What you need to do: Go through the listing below and output exactly the line with "define y where", the line with "qed (use n in simp)", and each line between; omit the rest.
::: Exercise material :::
(* Let $L$ be a distributive lattice with a maximum and a minimum. Then $\mathrm{FVL}\langle L\rangle$ is order dense in $\mathrm{FBL}\langle L\rangle$, i.e. for every $f\in\mathrm{FBL}\langle L\rangle$ with $f>0$ there exists $g\in\mathrm{FVL}\langle L\rangle$ with $0<g\le f$.
   Context: $L^*$ is the set of all lattice homomorphisms $x^*:L\to[-1,1]$; for $x\in L$, $\delta_x:L^*\to\mathbb R$ is $\delta_x(x^* )=x^*(x)$. A function $f:L^*\to\mathbb R$ is positively homogeneous if $f(\lambda x^* )=\lambda f(x^* )$ whenever $\lambda\ge0$ and $\lambda x^*\in L^*$; for such $f$, $\|f\|=\sup\{\sum_{i=1}^m|f(x_i^* )|: m\in\mathbb N,\ x_i^*\in L^*,\ \sup_{x\in L}\sum_{i=1}^m|x_i^*(x)|\le1\}$. $\mathrm{FVL}\langle L\rangle$ is the vector sublattice generated by $\{\delta_x:x\in L\}$ (pointwise operations), and $\mathrm{FBL}\langle L\rangle$ is its norm closure inside the Banach lattice of positively homogeneous functions with finite norm, ordered pointwise. *)

theory Defs
  imports Complex_Main
begin

text \<open>Elements of L* are functions 'a => real; functions on L* are ('a => real) => real,
  and all conditions below only look at their values on L*.\<close>

definition lattice_dual :: "('a::lattice \<Rightarrow> real) set" where
  "lattice_dual = {xs. (\<forall>a b. xs (sup a b) = max (xs a) (xs b)) \<and>
                       (\<forall>a b. xs (inf a b) = min (xs a) (xs b)) \<and>
                       (\<forall>a. xs a \<in> {-1..1})}"

definition delta :: "'a::lattice \<Rightarrow> ('a \<Rightarrow> real) \<Rightarrow> real" where
  "delta x = (\<lambda>xs. xs x)"

definition pos_homogeneous :: "(('a::lattice \<Rightarrow> real) \<Rightarrow> real) \<Rightarrow> bool" where
  "pos_homogeneous f \<longleftrightarrow> (\<forall>c::real. \<forall>xs\<in>lattice_dual. c \<ge> 0 \<longrightarrow>
      (\<lambda>a. c * xs a) \<in> lattice_dual \<longrightarrow> f (\<lambda>a. c * xs a) = c * f xs)"

definition fbl_norm_set :: "(('a::lattice \<Rightarrow> real) \<Rightarrow> real) \<Rightarrow> real set" where
  "fbl_norm_set f = {(\<Sum>i<m. \<bar>f (xs i)\<bar>) | m xs.
      (\<forall>i<m. (xs :: nat \<Rightarrow> 'a \<Rightarrow> real) i \<in> lattice_dual) \<and> (\<forall>x. (\<Sum>i<m. \<bar>xs i x\<bar>) \<le> 1)}"

definition fbl_norm :: "(('a::lattice \<Rightarrow> real) \<Rightarrow> real) \<Rightarrow> real" where
  "fbl_norm f = Sup (fbl_norm_set f)"

definition finite_fbl_norm :: "(('a::lattice \<Rightarrow> real) \<Rightarrow> real) \<Rightarrow> bool" where
  "finite_fbl_norm f \<longleftrightarrow> bdd_above (fbl_norm_set f)"

inductive_set FVL :: "(('a::lattice \<Rightarrow> real) \<Rightarrow> real) set" where
  delta: "delta x \<in> FVL"
| add: "f \<in> FVL \<Longrightarrow> g \<in> FVL \<Longrightarrow> (\<lambda>xs. f xs + g xs) \<in> FVL"
| scale: "f \<in> FVL \<Longrightarrow> (\<lambda>xs. c * f xs) \<in> FVL"
| max: "f \<in> FVL \<Longrightarrow> g \<in> FVL \<Longrightarrow> (\<lambda>xs. max (f xs) (g xs)) \<in> FVL"
| min: "f \<in> FVL \<Longrightarrow> g \<in> FVL \<Longrightarrow> (\<lambda>xs. min (f xs) (g xs)) \<in> FVL"

definition FBL :: "(('a::lattice \<Rightarrow> real) \<Rightarrow> real) set" where
  "FBL = {f. pos_homogeneous f \<and> finite_fbl_norm f \<and>
      (\<forall>e>0. \<exists>g\<in>FVL. finite_fbl_norm (\<lambda>xs. f xs - g xs) \<and>
                       fbl_norm (\<lambda>xs. f xs - g xs) < e)}"

end

theory Submission
  imports Defs
begin

text \<open>Elements of \<open>L*\<close> are monotone, so on a bounded lattice their sup norm is
  \<open>N(x*) = max |x*(\<top>)| |x*(\<bot>)|\<close>, and \<open>N = |\<delta>\<^sub>\<top>| \<or> |\<delta>\<^sub>\<bot>|\<close> lies in \<open>FVL\<langle>L\<rangle>\<close>.
  By positive homogeneity every \<open>h\<close> of finite norm satisfies \<open>|h| \<le> \<parallel>h\<parallel> N\<close> on \<open>L*\<close>.
  Given \<open>f > 0\<close> with \<open>f(x\<^sub>0) > 0\<close>, approximate \<open>f\<close> by \<open>g \<in> FVL\<langle>L\<rangle>\<close> with
  \<open>\<parallel>f - g\<parallel> < \<epsilon> = f(x\<^sub>0)/4\<close>; then \<open>(g - \<epsilon> N)\<^sup>+ \<in> FVL\<langle>L\<rangle>\<close> lies between \<open>0\<close> and \<open>f\<close>
  and is at least \<open>f(x\<^sub>0)/2\<close> at \<open>x\<^sub>0\<close>.\<close>

lemma FVL_diff: "f \<in> FVL \<Longrightarrow> g \<in> FVL \<Longrightarrow> (\<lambda>xs. f xs - g xs) \<in> FVL"
  using FVL.add[of f "\<lambda>xs. (-1) * g xs"] FVL.scale[of g "-1"] by simp

lemma FVL_abs:
  assumes "f \<in> FVL"
  shows "(\<lambda>xs. \<bar>f xs\<bar>) \<in> FVL"
proof -
  have "(\<lambda>xs. \<bar>f xs\<bar>) = (\<lambda>xs. max (f xs) ((-1) * f xs))"
    by (auto simp: fun_eq_iff)
  then show ?thesis using assms by (simp only: FVL.max FVL.scale)
qed

lemma FVL_zero: "(\<lambda>xs. 0) \<in> FVL"
  using FVL.scale[OF FVL.delta, of 0] by simp

lemma FVL_pos_part: "f \<in> FVL \<Longrightarrow> (\<lambda>xs. max (f xs) 0) \<in> FVL"
  using FVL.max[of f "\<lambda>xs. 0"] FVL_zero by simp

lemma pos_homogeneousD:
  assumes "pos_homogeneous f" "xs \<in> lattice_dual" "c \<ge> 0" "(\<lambda>a. c * xs a) \<in> lattice_dual"
  shows "f (\<lambda>a. c * xs a) = c * f xs"
  using assms unfolding pos_homogeneous_def by blast

lemma FVL_pos_homogeneous_eq:
  assumes "g \<in> FVL" "c \<ge> 0"
  shows "g (\<lambda>a. c * xs a) = c * g xs"
  using assms(1)
proof (induction arbitrary: xs)
  case (delta x)
  then show ?case by (simp add: delta_def)
next
  case (add f g)
  then show ?case by (simp add: algebra_simps)
next
  case (scale f c')
  then show ?case by simp
next
  case (max f g)
  then show ?case using assms(2) by (simp add: max_mult_distrib_left)
next
  case (min f g)
  then show ?case using assms(2) by (simp add: min_mult_distrib_left)
qed

lemma FVL_pos_homogeneous: "g \<in> FVL \<Longrightarrow> pos_homogeneous g"
  unfolding pos_homogeneous_def by (simp add: FVL_pos_homogeneous_eq)

lemma pos_homogeneous_diff:
  "pos_homogeneous f \<Longrightarrow> pos_homogeneous g \<Longrightarrow> pos_homogeneous (\<lambda>xs. f xs - g xs)"
  unfolding pos_homogeneous_def by (simp add: right_diff_distrib)

lemma lattice_dual_mono:
  assumes "x \<in> lattice_dual" "a \<le> b"
  shows "x a \<le> x b"
proof -
  have "x b = x (sup a b)" using assms(2) by (simp add: sup_absorb2)
  also have "\<dots> = max (x a) (x b)" using assms(1) unfolding lattice_dual_def by blast
  finally show ?thesis by linarith
qed

lemma lattice_dual_scale:
  assumes "x \<in> lattice_dual" "c \<ge> 0" "\<And>a. c * \<bar>x a\<bar> \<le> 1"
  shows "(\<lambda>a. c * x a) \<in> lattice_dual"
proof -
  have "\<And>a b. c * x (sup a b) = max (c * x a) (c * x b)"
    and "\<And>a b. c * x (inf a b) = min (c * x a) (c * x b)"
    using assms(1,2) unfolding lattice_dual_def
    by (auto simp: max_mult_distrib_left min_mult_distrib_left)
  moreover have "c * x a \<in> {-1..1}" for a
  proof -
    have "\<bar>c * x a\<bar> \<le> 1" using assms(2,3) by (simp add: abs_mult)
    then show ?thesis by (auto simp: abs_le_iff)
  qed
  ultimately show ?thesis unfolding lattice_dual_def by blast
qed

definition dual_sup_norm :: "('a::bounded_lattice \<Rightarrow> real) \<Rightarrow> real" where
  "dual_sup_norm x = max \<bar>x top\<bar> \<bar>x bot\<bar>"

lemma dual_sup_norm_nonneg: "dual_sup_norm x \<ge> 0"
  unfolding dual_sup_norm_def by simp

lemma abs_le_dual_sup_norm:
  assumes "x \<in> lattice_dual"
  shows "\<bar>x a\<bar> \<le> dual_sup_norm x"
  using lattice_dual_mono[OF assms, of a top] lattice_dual_mono[OF assms, of bot a]
  unfolding dual_sup_norm_def by simp

lemma dual_sup_norm_le_1: "x \<in> lattice_dual \<Longrightarrow> dual_sup_norm x \<le> 1"
  unfolding dual_sup_norm_def lattice_dual_def by (auto simp: abs_le_iff)

lemma dual_sup_norm_in_FVL: "dual_sup_norm \<in> FVL"
proof -
  have "(\<lambda>xs. max \<bar>delta top xs\<bar> \<bar>delta bot xs\<bar>) \<in> FVL"
    by (intro FVL.max FVL_abs FVL.delta)
  then show ?thesis by (simp add: dual_sup_norm_def[abs_def] delta_def)
qed

lemma abs_le_fbl_norm:
  assumes "x \<in> lattice_dual" "finite_fbl_norm h"
  shows "\<bar>h x\<bar> \<le> fbl_norm h"
proof -
  have "\<bar>h x\<bar> \<in> fbl_norm_set h"
    unfolding fbl_norm_set_def
  proof (intro CollectI exI[of _ "Suc 0"] exI[of _ "\<lambda>_. x"] conjI)
    show "\<forall>a. (\<Sum>i<Suc 0. \<bar>x a\<bar>) \<le> 1"
      using assms(1) unfolding lattice_dual_def by (auto simp: abs_le_iff)
  qed (use assms(1) in auto)
  then show ?thesis
    using assms(2) unfolding fbl_norm_def finite_fbl_norm_def by (simp add: cSup_upper)
qed

lemma abs_le_fbl_norm_mult_dual_sup_norm:
  assumes h: "pos_homogeneous h" "finite_fbl_norm h" and x: "x \<in> lattice_dual"
  shows "\<bar>h x\<bar> \<le> fbl_norm h * dual_sup_norm x"
proof (cases "dual_sup_norm x = 0")
  case True
  then have "x a = 0" for a
    using abs_le_dual_sup_norm[OF x, of a] by simp
  then have x_eq: "(\<lambda>a. 0 * x a) = x" by (simp add: fun_eq_iff)
  have "h (\<lambda>a. 0 * x a) = 0 * h x"
    using pos_homogeneousD[OF h(1) x order_refl] x x_eq by simp
  then show ?thesis using True x_eq by simp
next
  case False
  define n where "n = dual_sup_norm x"
  have n: "n > 0" using False dual_sup_norm_nonneg[of x] n_def by linarith
  define y where "y = (\<lambda>a. (1 / n) * x a)"
  have y: "y \<in> lattice_dual"
  proof (unfold y_def, rule lattice_dual_scale[OF x])
    show "(1 / n) * \<bar>x a\<bar> \<le> 1" for a
      using abs_le_dual_sup_norm[OF x, of a] n n_def by simp
  qed (use n in simp)
  have x_eq: "(\<lambda>a. n * y a) = x" using n by (simp add: y_def)
  have "h x = n * h y"
    using pos_homogeneousD[OF h(1) y, of n] n x x_eq by simp
  also have "\<bar>\<dots>\<bar> \<le> n * fbl_norm h"
    using abs_le_fbl_norm[OF y h(2)] n by (simp add: abs_mult)
  finally show ?thesis by (simp add: n_def mult.commute)
qed

theorem mainTheorem7:
  fixes f :: "('a::{distrib_lattice, bounded_lattice} \<Rightarrow> real) \<Rightarrow> real"
  assumes "f \<in> FBL"
    and "\<forall>xs\<in>lattice_dual. f xs \<ge> 0"
    and "\<exists>xs\<in>lattice_dual. f xs \<noteq> 0"
  shows "\<exists>g\<in>FVL. (\<forall>xs\<in>lattice_dual. 0 \<le> g xs \<and> g xs \<le> f xs)
                 \<and> (\<exists>xs\<in>lattice_dual. g xs \<noteq> 0)"
proof -
  obtain x0 where x0: "x0 \<in> lattice_dual" "f x0 > 0" using assms(2,3) by force
  define eps where "eps = f x0 / 4"
  have "eps > 0" using x0(2) by (simp add: eps_def)
  then obtain g where g: "g \<in> FVL" "finite_fbl_norm (\<lambda>xs. f xs - g xs)"
      "fbl_norm (\<lambda>xs. f xs - g xs) < eps"
    using assms(1) unfolding FBL_def by blast
  have diff_hom: "pos_homogeneous (\<lambda>xs. f xs - g xs)"
    using assms(1) FVL_pos_homogeneous[OF g(1)] unfolding FBL_def
    by (simp add: pos_homogeneous_diff)
  have close: "\<bar>f x - g x\<bar> \<le> eps * dual_sup_norm x" if x: "x \<in> lattice_dual" for x
    using abs_le_fbl_norm_mult_dual_sup_norm[OF diff_hom g(2) x]
      mult_right_mono[OF less_imp_le[OF g(3)] dual_sup_norm_nonneg[of x]] by linarith
  define h where "h = (\<lambda>xs. max (g xs - eps * dual_sup_norm xs) 0)"
  have "h \<in> FVL"
    unfolding h_def by (intro FVL_pos_part FVL_diff FVL.scale g(1) dual_sup_norm_in_FVL)
  moreover have "0 \<le> h xs \<and> h xs \<le> f xs" if "xs \<in> lattice_dual" for xs
    using close[OF that] assms(2) that unfolding h_def by auto
  moreover have "h x0 \<noteq> 0"
  proof -
    have "eps * dual_sup_norm x0 \<le> eps"
      using dual_sup_norm_le_1[OF x0(1)] \<open>eps > 0\<close> by (simp add: mult_left_le)
    then show ?thesis using close[OF x0(1)] x0(2) unfolding h_def eps_def by linarith
  qed
  ultimately show ?thesis using x0(1) by blast
qed

end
:::
Written response:
  define y where "y = (\<lambda>a. (1 / n) * x a)"
  have y: "y \<in> lattice_dual"
  proof (unfold y_def, rule lattice_dual_scale[OF x])
    show "(1 / n) * \<bar>x a\<bar> \<le> 1" for a
      using abs_le_dual_sup_norm[OF x, of a] n n_def by simp
  qed (use n in simp)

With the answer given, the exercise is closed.